TASK TO CARRY OUT:
Where a line below includes the word "linarith", copy that line.

======== DATA TO USE

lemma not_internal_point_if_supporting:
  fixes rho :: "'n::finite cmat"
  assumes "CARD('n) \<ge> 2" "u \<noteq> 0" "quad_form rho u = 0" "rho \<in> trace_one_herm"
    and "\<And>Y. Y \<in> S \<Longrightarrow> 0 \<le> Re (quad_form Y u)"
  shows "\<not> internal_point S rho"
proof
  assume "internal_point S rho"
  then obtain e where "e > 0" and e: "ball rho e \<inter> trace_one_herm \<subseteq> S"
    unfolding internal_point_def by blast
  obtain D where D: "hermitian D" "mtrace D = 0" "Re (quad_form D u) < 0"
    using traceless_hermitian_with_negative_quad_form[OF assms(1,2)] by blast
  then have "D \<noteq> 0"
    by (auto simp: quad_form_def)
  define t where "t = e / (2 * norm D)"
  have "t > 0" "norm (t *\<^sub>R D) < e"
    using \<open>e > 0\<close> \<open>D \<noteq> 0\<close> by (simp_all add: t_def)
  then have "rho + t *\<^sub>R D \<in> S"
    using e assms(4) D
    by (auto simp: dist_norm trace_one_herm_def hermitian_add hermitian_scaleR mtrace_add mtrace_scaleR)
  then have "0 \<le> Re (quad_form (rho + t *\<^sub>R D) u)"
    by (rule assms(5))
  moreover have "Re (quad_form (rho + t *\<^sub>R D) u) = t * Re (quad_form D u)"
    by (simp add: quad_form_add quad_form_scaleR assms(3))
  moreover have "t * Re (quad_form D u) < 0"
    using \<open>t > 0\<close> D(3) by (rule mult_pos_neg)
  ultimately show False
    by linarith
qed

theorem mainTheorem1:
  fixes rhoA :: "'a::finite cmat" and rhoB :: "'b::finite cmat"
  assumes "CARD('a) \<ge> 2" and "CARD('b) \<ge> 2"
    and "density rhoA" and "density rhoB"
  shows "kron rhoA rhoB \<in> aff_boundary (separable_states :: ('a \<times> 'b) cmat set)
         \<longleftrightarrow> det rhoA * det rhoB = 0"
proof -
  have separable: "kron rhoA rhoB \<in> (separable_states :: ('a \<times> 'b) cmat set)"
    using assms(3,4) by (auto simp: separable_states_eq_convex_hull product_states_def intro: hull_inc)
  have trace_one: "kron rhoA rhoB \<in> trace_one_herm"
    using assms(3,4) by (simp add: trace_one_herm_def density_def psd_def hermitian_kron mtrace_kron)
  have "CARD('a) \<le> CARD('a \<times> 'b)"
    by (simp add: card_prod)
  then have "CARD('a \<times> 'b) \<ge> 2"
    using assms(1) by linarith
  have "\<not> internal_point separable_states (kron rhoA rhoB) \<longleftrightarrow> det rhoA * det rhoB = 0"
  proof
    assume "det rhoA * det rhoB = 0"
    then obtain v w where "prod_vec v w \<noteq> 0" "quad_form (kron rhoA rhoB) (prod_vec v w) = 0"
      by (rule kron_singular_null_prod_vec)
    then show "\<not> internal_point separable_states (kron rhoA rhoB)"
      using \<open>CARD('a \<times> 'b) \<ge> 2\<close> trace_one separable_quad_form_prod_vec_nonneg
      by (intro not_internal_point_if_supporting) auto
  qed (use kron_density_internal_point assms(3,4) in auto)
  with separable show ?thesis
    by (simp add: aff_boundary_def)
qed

================
======== DATA TO USE

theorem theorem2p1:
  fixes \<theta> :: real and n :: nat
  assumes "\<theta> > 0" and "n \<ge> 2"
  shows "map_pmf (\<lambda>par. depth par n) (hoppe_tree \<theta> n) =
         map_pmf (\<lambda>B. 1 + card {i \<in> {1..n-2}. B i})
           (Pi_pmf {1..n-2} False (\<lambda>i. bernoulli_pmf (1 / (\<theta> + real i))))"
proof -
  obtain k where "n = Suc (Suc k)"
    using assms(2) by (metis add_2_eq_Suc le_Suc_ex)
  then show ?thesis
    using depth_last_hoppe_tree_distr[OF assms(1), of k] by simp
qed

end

================
======== DATA TO USE

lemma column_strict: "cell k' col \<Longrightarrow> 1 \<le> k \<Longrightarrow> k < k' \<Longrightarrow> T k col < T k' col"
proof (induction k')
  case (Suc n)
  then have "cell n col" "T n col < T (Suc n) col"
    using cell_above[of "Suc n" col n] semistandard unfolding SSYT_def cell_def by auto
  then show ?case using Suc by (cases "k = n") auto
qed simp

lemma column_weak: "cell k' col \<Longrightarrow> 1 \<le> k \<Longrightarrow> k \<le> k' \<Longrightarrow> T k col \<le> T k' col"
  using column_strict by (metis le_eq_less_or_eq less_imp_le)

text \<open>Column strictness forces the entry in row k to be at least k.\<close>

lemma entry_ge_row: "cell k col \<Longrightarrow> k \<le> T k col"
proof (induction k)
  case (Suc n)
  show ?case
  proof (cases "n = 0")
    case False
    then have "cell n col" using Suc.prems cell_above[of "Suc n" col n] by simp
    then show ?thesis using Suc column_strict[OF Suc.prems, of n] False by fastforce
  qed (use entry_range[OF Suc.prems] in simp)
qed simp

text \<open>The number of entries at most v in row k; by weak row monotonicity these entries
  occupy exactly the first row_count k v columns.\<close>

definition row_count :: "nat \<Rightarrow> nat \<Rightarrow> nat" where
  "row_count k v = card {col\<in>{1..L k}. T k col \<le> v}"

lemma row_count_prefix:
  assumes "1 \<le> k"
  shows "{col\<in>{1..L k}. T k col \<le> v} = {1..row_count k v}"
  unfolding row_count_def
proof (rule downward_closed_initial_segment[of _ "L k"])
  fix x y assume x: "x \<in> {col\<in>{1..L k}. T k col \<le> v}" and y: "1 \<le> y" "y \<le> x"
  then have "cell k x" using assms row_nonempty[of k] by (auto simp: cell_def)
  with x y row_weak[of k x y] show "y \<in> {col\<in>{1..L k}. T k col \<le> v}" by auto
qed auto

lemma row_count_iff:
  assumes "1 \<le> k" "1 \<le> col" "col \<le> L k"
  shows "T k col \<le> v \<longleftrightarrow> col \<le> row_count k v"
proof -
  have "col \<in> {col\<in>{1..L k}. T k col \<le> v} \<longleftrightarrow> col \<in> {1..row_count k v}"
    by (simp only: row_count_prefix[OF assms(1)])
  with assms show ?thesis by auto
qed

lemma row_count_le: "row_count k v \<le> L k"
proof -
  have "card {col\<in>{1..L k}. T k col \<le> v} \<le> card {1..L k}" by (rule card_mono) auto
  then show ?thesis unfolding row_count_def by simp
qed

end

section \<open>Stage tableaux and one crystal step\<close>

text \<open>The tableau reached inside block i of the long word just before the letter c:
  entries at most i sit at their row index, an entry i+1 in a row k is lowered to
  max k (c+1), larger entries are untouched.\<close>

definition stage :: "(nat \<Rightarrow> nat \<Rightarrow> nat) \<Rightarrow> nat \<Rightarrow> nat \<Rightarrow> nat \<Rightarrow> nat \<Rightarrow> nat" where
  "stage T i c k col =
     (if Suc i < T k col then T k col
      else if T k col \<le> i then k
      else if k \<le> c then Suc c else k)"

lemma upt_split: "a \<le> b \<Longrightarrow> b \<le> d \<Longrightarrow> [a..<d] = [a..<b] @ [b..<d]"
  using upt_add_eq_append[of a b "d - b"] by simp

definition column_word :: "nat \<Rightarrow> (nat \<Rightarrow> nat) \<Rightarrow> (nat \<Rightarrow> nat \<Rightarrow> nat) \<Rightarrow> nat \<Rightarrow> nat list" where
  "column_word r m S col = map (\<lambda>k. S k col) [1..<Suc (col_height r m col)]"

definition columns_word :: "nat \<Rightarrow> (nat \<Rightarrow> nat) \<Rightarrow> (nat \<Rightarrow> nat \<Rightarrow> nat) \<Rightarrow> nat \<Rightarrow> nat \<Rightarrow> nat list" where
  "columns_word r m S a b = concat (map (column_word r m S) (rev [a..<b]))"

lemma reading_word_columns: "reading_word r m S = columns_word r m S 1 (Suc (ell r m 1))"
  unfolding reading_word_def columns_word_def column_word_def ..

================

ANSWER TO THE EXERCISE:
    by linarith
    using assms(1) by linarith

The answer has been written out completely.